All assignments are submitted via SafeAssign in Blackboard and are checked for plagiarism. If fraud or plagiarism is detected or suspected, the Board of Examiners will be informed in the usual manner, and in the event of fraud, the sanctions referred to in Article 5.14 of the Education and Examination Regulations (EER) will apply (download from https://students.uu.nl/files/fsw-ba-oer-engelstalig-2019-2020pdf). Note that the sanctions may apply to the person committing fraud, to the person(s) making fraud possible, and to the test as a whole.
Lecturers also have the option of administering additional oral tests if they have reasons to do so.
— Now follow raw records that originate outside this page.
text \<open>alpha is multiplicative: alpha(zeta^a tau_s1 ... tau_sm)
 = (1 (x) zeta^a) alpha(tau_s1) ... alpha(tau_sm).\<close>
definition alpha_mono :: "nat \<Rightarrow> mono \<Rightarrow> ((mono \<times> mono) \<Rightarrow>\<^sub>0 'k::comm_ring_1)" where
  "alpha_mono p m = foldl (\<lambda>acc n. tmul acc (alpha_tau p n))
      (Poly_Mapping.single ((0, {}), (fst m, {})) 1) (sorted_list_of_set (snd m))"

definition alpha :: "nat \<Rightarrow> (mono \<Rightarrow>\<^sub>0 'k::comm_ring_1) \<Rightarrow> ((mono \<times> mono) \<Rightarrow>\<^sub>0 'k)" where
  "alpha p = lin (alpha_mono p)"

text \<open>Coefficient of tau_S (S subset of {0,1,2}) in an element of E(2)_* (x) V.\<close>
definition comp :: "nat set \<Rightarrow> ((mono \<times> 'b) \<Rightarrow>\<^sub>0 'k::comm_ring_1) \<Rightarrow> ('b \<Rightarrow>\<^sub>0 'k)" where
  "comp S w = lin (\<lambda>ey. if fst ey = (0, S) then Poly_Mapping.single (snd ey) 1 else 0) w"

definition mAE1 :: "mono \<Rightarrow> bool" where
  "mAE1 m \<longleftrightarrow> 0 \<notin> Poly_Mapping.keys (fst m) \<and> finite (snd m) \<and> snd m \<subseteq> {2..}"

definition mAE2 :: "mono \<Rightarrow> bool" where
  "mAE2 m \<longleftrightarrow> 0 \<notin> Poly_Mapping.keys (fst m) \<and> finite (snd m) \<and> snd m \<subseteq> {3..}"

definition AE1 :: "(mono \<Rightarrow>\<^sub>0 'k::comm_ring_1) set" where
  "AE1 = {x. \<forall>m\<in>Poly_Mapping.keys x. mAE1 m}"

text \<open>(A//E(2))_* (x) E(tau_2), basis pairs (m, t) with t = 1 or tau_2.\<close>
definition TT :: "((mono \<times> mono) \<Rightarrow>\<^sub>0 'k::comm_ring_1) set" where
  "TT = {y. \<forall>mt\<in>Poly_Mapping.keys y. mAE2 (fst mt) \<and> snd mt \<in> {(0, {}), tau 2}}"

definition TTone :: "(mono \<times> mono) \<Rightarrow>\<^sub>0 'k::comm_ring_1" where
  "TTone = Poly_Mapping.single ((0, {}), (0, {})) 1"

text \<open>Coaction on E(tau_2): tau_2 primitive.\<close>
definition alphaE :: "mono \<Rightarrow> ((mono \<times> mono) \<Rightarrow>\<^sub>0 'k::comm_ring_1)" where
  "alphaE t = Poly_Mapping.single ((0, {}), t) 1
     + (if t = tau 2 then Poly_Mapping.single (tau 2, (0, {})) 1 else 0)"

text \<open>Diagonal coaction on (A//E(2))_* (x) E(tau_2):
alpha(m (x) t) = sum (-1)^(|m''||t'|) m't' (x) (m'' (x) t'').\<close>
definition alphaT_bas :: "nat \<Rightarrow> mono \<times> mono \<Rightarrow> ((mono \<times> (mono \<times> mono)) \<Rightarrow>\<^sub>0 'k::comm_ring_1)" where
  "alphaT_bas p mt = bilin
      (\<lambda>em et. sc ((-1) ^ (par (snd em) * par (fst et)))
          (lin (\<lambda>e. Poly_Mapping.single (e, (snd em, snd et)) 1) (mmul (fst em) (fst et))))
      (alpha p (Poly_Mapping.single (fst mt) 1)) (alphaE (snd mt))"

definition alphaT :: "nat \<Rightarrow> ((mono \<times> mono) \<Rightarrow>\<^sub>0 'k::comm_ring_1)
     \<Rightarrow> ((mono \<times> (mono \<times> mono)) \<Rightarrow>\<^sub>0 'k)" where
  "alphaT p = lin (alphaT_bas p)"

text \<open>kappa(m tau_2^eps) = m (x) tau_2^eps.  For a basis monomial (a,T) with 2 in T one has
(a,T) = (-1)^inv_count (T-{2}) {2} * (a,T-{2}) tau_2 (the sign is its own inverse).\<close>
definition kappa_mono :: "mono \<Rightarrow> ((mono \<times> mono) \<Rightarrow>\<^sub>0 'k::comm_ring_1)" where
  "kappa_mono m = (if 2 \<in> snd m
      then Poly_Mapping.single ((fst m, snd m - {2}), tau 2) ((-1) ^ inv_count (snd m - {2}) {2})
      else Poly_Mapping.single (m, (0, {})) 1)"

definition kappa :: "(mono \<Rightarrow>\<^sub>0 'k::comm_ring_1) \<Rightarrow> ((mono \<times> mono) \<Rightarrow>\<^sub>0 'k)" where
  "kappa = lin kappa_mono"
context
  fixes p :: "'x \<Rightarrow> 'a \<Rightarrow> real"
  assumes p: "is_subpolicy M p"
begin

lemma measurable_policy [measurable]: "(\<lambda>x. p x a) \<in> borel_measurable M"
  using p by (simp add: is_subpolicy_def)

lemma measurable_policy_kernel [measurable]:
  assumes [measurable]: "f \<in> measurable N M" "g \<in> measurable N M"
  shows "(\<lambda>z. policy_kernel (P k) p (f z) (g z)) \<in> borel_measurable N"
  unfolding policy_kernel_def by measurable

lemma policy_kernel_nonneg: "x \<in> space M \<Longrightarrow> x' \<in> space M \<Longrightarrow> 0 \<le> policy_kernel (P k) p x x'"
  using p P_nonneg by (auto simp: policy_kernel_def is_subpolicy_def intro!: sum_nonneg)

lemma policy_kernel_substochastic:
  assumes x: "x \<in> space M"
  shows "(\<integral>\<^sup>+x'. ennreal (policy_kernel (P k) p x x') \<partial>M) \<le> 1"
proof -
  have p0: "\<And>a. 0 \<le> p x a" and p1: "(\<Sum>a\<in>UNIV. p x a) \<le> 1"
    using p x by (auto simp: is_subpolicy_def)
  have "(\<integral>\<^sup>+x'. ennreal (policy_kernel (P k) p x x') \<partial>M)
      = (\<integral>\<^sup>+x'. (\<Sum>a\<in>UNIV. ennreal (p x a) * ennreal (P k x a x')) \<partial>M)"
    using P_nonneg[OF x] p0
    by (intro nn_integral_cong) (simp add: policy_kernel_def ennreal_mult[symmetric] mult.commute)
  also have "\<dots> = (\<Sum>a\<in>UNIV. ennreal (p x a) * (\<integral>\<^sup>+x'. ennreal (P k x a x') \<partial>M))"
    using x by (simp add: nn_integral_sum nn_integral_cmult)
  also have "\<dots> \<le> (\<Sum>a\<in>UNIV. ennreal (p x a))"
    using P_substochastic[OF x] by (intro sum_mono) (metis mult.right_neutral mult_left_mono zero_le)
  also have "\<dots> = ennreal (\<Sum>a\<in>UNIV. p x a)" using p0 by simp
  also have "\<dots> \<le> 1" using p1 by simp
  finally show ?thesis .
qed

lemma policy_kernel_bounded:
  assumes x': "x' \<in> space M"
  obtains S where "\<And>x. x \<in> space M \<Longrightarrow> \<bar>policy_kernel (P k) p x x'\<bar> \<le> S"
proof -
  obtain S where S: "\<And>x a. x \<in> space M \<Longrightarrow> P k x a x' \<le> S"
    using P_bounded[OF x'] by blast
  have "\<bar>policy_kernel (P k) p x x'\<bar> \<le> max S 0" if x: "x \<in> space M" for x
  proof -
    have p0: "\<And>a. 0 \<le> p x a" and p1: "(\<Sum>a\<in>UNIV. p x a) \<le> 1"
      using p x by (auto simp: is_subpolicy_def)
    have "policy_kernel (P k) p x x' \<le> (\<Sum>a\<in>UNIV. max S 0 * p x a)"
      unfolding policy_kernel_def using order_trans[OF S[OF x] max.cobounded1] p0
      by (intro sum_mono mult_right_mono) auto
    also have "\<dots> \<le> max S 0"
      using p1 by (simp add: sum_distrib_left[symmetric] mult_left_le)
    finally show ?thesis using policy_kernel_nonneg[OF x x'] by simp
  qed
  then show thesis by (rule that)
qed

lemma integrable_policy_kernel_mult:
  assumes f: "integrable M f" and x': "x' \<in> space M"
  shows "integrable M (\<lambda>x. policy_kernel (P k) p x x' * f x)"
proof -
  obtain S where S: "\<And>x. x \<in> space M \<Longrightarrow> \<bar>policy_kernel (P k) p x x'\<bar> \<le> S"
    using policy_kernel_bounded[OF x'] by blast
  show ?thesis
  proof (rule Bochner_Integration.integrable_bound[where f="\<lambda>x. S * f x"])
    show "integrable M (\<lambda>x. S * f x)" using f by simp
    show "(\<lambda>x. policy_kernel (P k) p x x' * f x) \<in> borel_measurable M"
      by measurable (use f x' in auto)
    show "AE x in M. norm (policy_kernel (P k) p x x' * f x) \<le> norm (S * f x)"
      using mult_right_mono[OF order_trans[OF S abs_ge_self] abs_ge_zero]
      by (intro AE_I2) (simp add: abs_mult)
  qed
qed
lemma idx_less_card: "idx (i::'a::{finite,linorder}) < CARD('a)"
proof -
  have "{j. j < i} \<subset> UNIV" by auto
  then show ?thesis unfolding idx_def by (simp add: psubset_card_mono)
qed

lemma idx_strict_mono: "(i::'a::{finite,linorder}) < i' \<Longrightarrow> idx i < idx i'"
proof -
  assume "i < i'"
  then have "{j. j < i} \<subset> {j. j < i'}" by auto
  then show ?thesis unfolding idx_def by (simp add: psubset_card_mono)
qed

lemma inj_idx: "inj (idx :: 'a::{finite,linorder} \<Rightarrow> nat)"
  by (metis idx_strict_mono injI less_irrefl linorder_neqE)

lemma bij_betw_idx: "bij_betw (idx :: 'a::{finite,linorder} \<Rightarrow> nat) UNIV {..<CARD('a)}"
proof -
  have "idx ` (UNIV::'a set) \<subseteq> {..<CARD('a)}"
    using idx_less_card by auto
  moreover have "card (idx ` (UNIV::'a set)) = CARD('a)"
    using inj_idx card_image by blast
  ultimately have "idx ` (UNIV::'a set) = {..<CARD('a)}"
    by (metis card_lessThan card_subset_eq finite_lessThan)
  then show ?thesis using inj_idx by (simp add: bij_betw_def)
qed

lemma idx_inv_idx [simp]: "p < CARD('a) \<Longrightarrow> idx (inv idx p :: 'a::{finite,linorder}) = p"
  by (metis bij_betw_inv_into_right bij_betw_idx lessThan_iff)

lemma sum_UNIV_idx:
  "(\<Sum>j\<in>(UNIV::'a::{finite,linorder} set). f j) = (\<Sum>q<CARD('a). f (inv idx q))"
  using sum.reindex_bij_betw[OF bij_betw_idx[where 'a='a], of "\<lambda>q. f (inv idx q)"]
  by (simp add: inj_idx)

lemma is_kron_id_1: "sym_mat (M::((real, 'n::{finite,linorder}) vec, 'n) vec) \<Longrightarrow> is_kron_id 1 M"
  unfolding is_kron_id_def Let_def
  by (intro conjI exI[of _ "\<lambda>a b. M $ inv idx a $ inv idx b"])
    (auto simp: idx_less_card sym_mat_entry inj_idx)

lemma is_kron_id_le_card: "is_kron_id k (M::((real, 'n::{finite,linorder}) vec, 'n) vec) \<Longrightarrow> k \<le> CARD('n)"
  unfolding is_kron_id_def by (simp add: dvd_imp_le)

lemma is_kron_id_qe_mult:
  fixes A0 :: "((real, 'n::{finite,linorder}) vec, 'n) vec"
  assumes "sym_mat A0" "\<And>i. sym_mat (A i)"
  shows "is_kron_id (qe_mult A0 A) A0 \<and> (\<forall>i. is_kron_id (qe_mult A0 A) (A i))"
  unfolding qe_mult_def
  by (rule GreatestI_nat[where k=1 and b="CARD('n)"])
    (use assms is_kron_id_1 is_kron_id_le_card in blast)+

lemma is_kron_id_Amat:
  fixes A0 :: "((real, 'n::{finite,linorder}) vec, 'n) vec"
  assumes "is_kron_id k A0" "\<And>i. is_kron_id k (A i)"
  shows "is_kron_id k (Amat A0 A \<gamma>)"
proof -
  let ?n = "CARD('n) div k"
  let ?block = "\<lambda>B M. (\<forall>a<?n. \<forall>b<?n. B a b = B b a) \<and> (\<forall>i j. M $ i $ j =
      (if idx i div ?n = idx j div ?n then B (idx i mod ?n) (idx j mod ?n) else 0))"
  obtain B0 where B0: "?block B0 A0"
    using assms(1) unfolding is_kron_id_def Let_def by blast
  obtain B where B: "\<And>m. ?block (B m) (A m)"
    using assms(2) unfolding is_kron_id_def Let_def by metis
  define B\<gamma> where "B\<gamma> a b = B0 a b + (\<Sum>m\<in>UNIV. \<gamma> $ m * B m a b)" for a b
  have "?block B\<gamma> (Amat A0 A \<gamma>)"
    using B0 B by (simp add: B\<gamma>_def Amat_entry)
  with assms(1) show ?thesis
    unfolding is_kron_id_def Let_def by blast
qed

lemma idx_div_less:
  assumes "CARD('a) = k * n"
  shows "idx (i::'a::{finite,linorder}) div n < k"
  using idx_less_card[of i] assms by (metis less_mult_imp_div_less)
(* Let $\Lambda$ be the eigenspectrum of a $2S\times2S$ quantum CM which satisfies the unique pairing condition but not the $(S-1)$-pure unique pairing condition. Write the unique perfect matching of $G(\Lambda)$ as pairs $(\nu_i e^{-2r_i},\nu_i e^{2r_i})$, $i=1,\dots,S$, with $r_i\ge 0$, $\nu_i\ge1$, $\nu_1\ge\dots\ge\nu_S$, and let $\zeta$ be the number of indices with $\nu_i>1$ (so $\nu_i>1$ for $i\le\zeta$ and $\nu_i=1$ for $i>\zeta$; $\zeta\ge2$). Assume that in the $2\zeta$-tuple $(\nu_1e^{-2r_1},\nu_1e^{2r_1},\dots,\nu_\zeta e^{-2r_\zeta},\nu_\zeta e^{2r_\zeta})$ there are at least two entries each of which is different from all other entries of the tuple. Then (1) the set of symplectic eigenvalues and squeezing parameters of quantum CMs with eigenspectrum $\Lambda$ is not unique (there exist quantum CMs with eigenspectrum $\Lambda$ having different multisets of symplectic eigenvalues), and (2) there exist two quantum CMs with eigenspectrum $\Lambda$ related by an orthogonal transformation but not by any element of $\mathrm{SpO}(2S,\mathbb{R})$.
   Context: Fix an integer $S\ge 1$. Coordinates of $\mathbb{R}^{2S}$ are ordered as $(q_1,p_1,\dots,q_S,p_S)$; coordinates $2i-1$ and $2i$ form the $i$-th mode. Let $\Omega=\bigoplus_{i=1}^S\begin{pmatrix}0&1\\-1&0\end{pmatrix}$. A real matrix $A$ is symplectic if $A^T\Omega A=\Omega$. $\mathrm{SpO}(2S,\mathbb{R})$ denotes the group of real $2S\times2S$ matrices that are both orthogonal and symplectic. A quantum CM is a real symmetric positive-definite $2S\times 2S$ matrix $\Gamma$ such that $\Gamma+i\Omega$ is positive semidefinite. By Williamson's theorem any real positive-definite $\Gamma$ can be written $\Gamma=A\,\mathrm{diag}(\nu_1,\nu_1,\dots,\nu_S,\nu_S)\,A^T$ with $A$ symplectic; the multiset $\{\nu_i\}$ (the symplectic eigenvalues) is uniquely determined by $\Gamma$. Let $\Lambda=(\lambda_i)_{i=1}^{2S}$ be the eigenvalues of a quantum CM in non-ascending order. Let $G(\Lambda)$ be the graph with vertex set $\{1,\dots,2S\}$ and edge set $\{\{i,j\}: i<j,\ \lambda_i\lambda_j\ge 1\}$; an edge $\{i,j\}$ is pure if $\lambda_i\lambda_j=1$. $\Lambda$ satisfies the unique pairing condition if $G(\Lambda)$ has a unique perfect matching up to permutations of vertices carrying equal eigenvalues. $\Lambda$ satisfies the $t$-pure unique pairing condition if it satisfies the unique pairing condition and at least $t$ of the $S$ edges of this perfect matching are pure. *)

theory Defs
  imports "Jordan_Normal_Form.Char_Poly" "HOL-Library.Multiset" "HOL-Combinatorics.Permutations"
begin
lemma nn_integral_exp_sum_PiM_le:
  assumes P: "prob_space P" and I: "finite I" and J: "J \<subseteq> I"
    and g: "g \<in> borel_measurable P" and g0: "\<And>y. 0 \<le> g y" and gb: "\<And>y. g y \<le> b" and b: "b > 0"
  defines "M \<equiv> PiM I (\<lambda>_. P)"
  shows "(\<integral>\<^sup>+x. ennreal (exp (l * (\<Sum>j\<in>J. g (x j)))) * indicator (space M) x \<partial>M)
      \<le> ennreal (exp (real (card J) * (integral\<^sup>L P g * ((exp (l * b) - 1) / b))))"
proof -
  have "(\<integral>\<^sup>+x. ennreal (exp (l * (\<Sum>j\<in>J. g (x j)))) * indicator (space M) x \<partial>M)
      = (\<integral>\<^sup>+x. ennreal (exp (\<Sum>j\<in>J. l * g (x j))) \<partial>M)"
    by (intro nn_integral_cong) (simp add: sum_distrib_left)
  also have "\<dots> = (\<integral>\<^sup>+y. ennreal (exp (l * g y)) \<partial>P) ^ card J"
    unfolding M_def by (rule nn_integral_exp_sum_PiM[OF P I J]) (use g in simp)
  also have "\<dots> \<le> ennreal (exp (integral\<^sup>L P g * ((exp (l * b) - 1) / b))) ^ card J"
    by (intro power_mono nn_integral_exp_bounded_le[OF P g g0 gb b]) simp
  also have "\<dots> = ennreal (exp (real (card J) * (integral\<^sup>L P g * ((exp (l * b) - 1) / b))))"
    by (subst exp_of_nat_mult) (simp add: ennreal_power)
  finally show ?thesis .
qed

lemma chernoff_PiM_upper:
  assumes P: "prob_space P" and I: "finite I" and J: "J \<subseteq> I"
    and g: "g \<in> borel_measurable P" and g0: "\<And>y. 0 \<le> g y" and gb: "\<And>y. g y \<le> b" and b: "b > 0"
    and \<epsilon>: "\<epsilon> > 0"
  defines "\<mu> \<equiv> integral\<^sup>L P g" and "M \<equiv> PiM I (\<lambda>_. P)"
  shows "measure M {x\<in>space M. (1 + \<epsilon>) * (real (card J) * \<mu>) \<le> (\<Sum>j\<in>J. g (x j))}
           \<le> exp (- (real (card J) * \<mu> / b * ((1 + \<epsilon>) * ln (1 + \<epsilon>) - \<epsilon>)))"
proof -
  interpret prob_space M unfolding M_def by (intro prob_space_PiM) (use P in auto)
  have [measurable]: "(\<lambda>x. \<Sum>j\<in>J. g (x j)) \<in> borel_measurable M"
    unfolding M_def by (rule borel_measurable_sum_components_PiM[OF g J])
  define s where "s = ln (1 + \<epsilon>) / b"
  have s: "s > 0" unfolding s_def using \<epsilon> b by simp
  define a where "a = (1 + \<epsilon>) * (real (card J) * \<mu>)"
  have "emeasure M {x\<in>space M. a \<le> (\<Sum>j\<in>J. g (x j))}
      \<le> ennreal (exp (-s * a)) * (\<integral>\<^sup>+x. ennreal (exp (s * (\<Sum>j\<in>J. g (x j)))) * indicator (space M) x \<partial>M)"
    by (rule Chernoff_ineq_nn_integral_ge[OF s]) measurable
  also have "\<dots> \<le> ennreal (exp (-s * a)) * ennreal (exp (real (card J) * (\<mu> * ((exp (s * b) - 1) / b))))"
    unfolding M_def \<mu>_def by (intro mult_left_mono nn_integral_exp_sum_PiM_le[OF P I J g g0 gb b]) simp
  also have "\<dots> = ennreal (exp (- (real (card J) * \<mu> / b * ((1 + \<epsilon>) * ln (1 + \<epsilon>) - \<epsilon>))))"
    unfolding s_def a_def using b \<epsilon>
    by (simp add: ennreal_mult[symmetric] exp_add[symmetric] field_simps)
  finally show ?thesis unfolding a_def by (simp add: emeasure_eq_measure)
qed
Thank you for your cooperation, we will only be able to get through this period together!
## Attendance
Attendance is not mandatory, but we highly recommend everyone to attend all lectures and the Thursday practicals. In our experience, students who actively participate tend to pass the course, whereas those who do not tend to drop out or fail. The lectures and practicals ‘build’ on each other, so in the unfortunate event that you have to miss either one, please make sure you have caught up with the materials before the next session. The practicals on Monday are for troubleshooting -- to be sure that everyone can keeps up with the course -- and they are no substitute for the Thursday practicals.
## Literature
All literature is available on the Internet, as long as you are within the UU-domain. See the course site on Blackboard for direct links to all following articles. For some articles, we are not allowed to post direct URLs. Searching through either [Google Scholar](www.scholar.google.com) or the [University Library](www.ubu.uu.nl) will work wonders.
## Reading questions
Along with every article, we will provide reading questions. You will not be graded on the reading questions, but it is important to prepare the reading questions before every lecture. The purpose of the reading questions is as follows:
- to provide relevant background knowledge for the lecture;
- to explain the key terms and concepts;
- to be aware of important publications that shaped the field;
- to help you to prepare for the exam; it is not necessary to learn the answers to the reading questions by heart, but the reading questions will help you extract the relevant insights from the literature.
- We will post standard answers to the reading questions online before the exam, but their most valuable role is to guide your understanding during the course, not while preparing the exam.
## Preparations
Before every meeting you need to do the assigned homework (see detailed program).
We assume you have basic knowledge about multivariate statistics before entering this course. You do not need any prior experience working with R. If you feel unsure about your knowledge about statistics, and in particular ANOVA and multiple regression analysis, please e-mail the course coordinator. If you wish to refresh your knowledge, we recommend the chapters on ANOVA, multiple regression and Exploratory Factor Analysis from Field’s Discovering Statistics using R. London; Sage. Read the chapters on ‘multiple regression’ and ‘exploratory factor analysis’ if you want to prepare for the first meeting. If you do not have this book, many other statistics textbooks usually discuss these topics equally well. You do not need to buy any book for this course.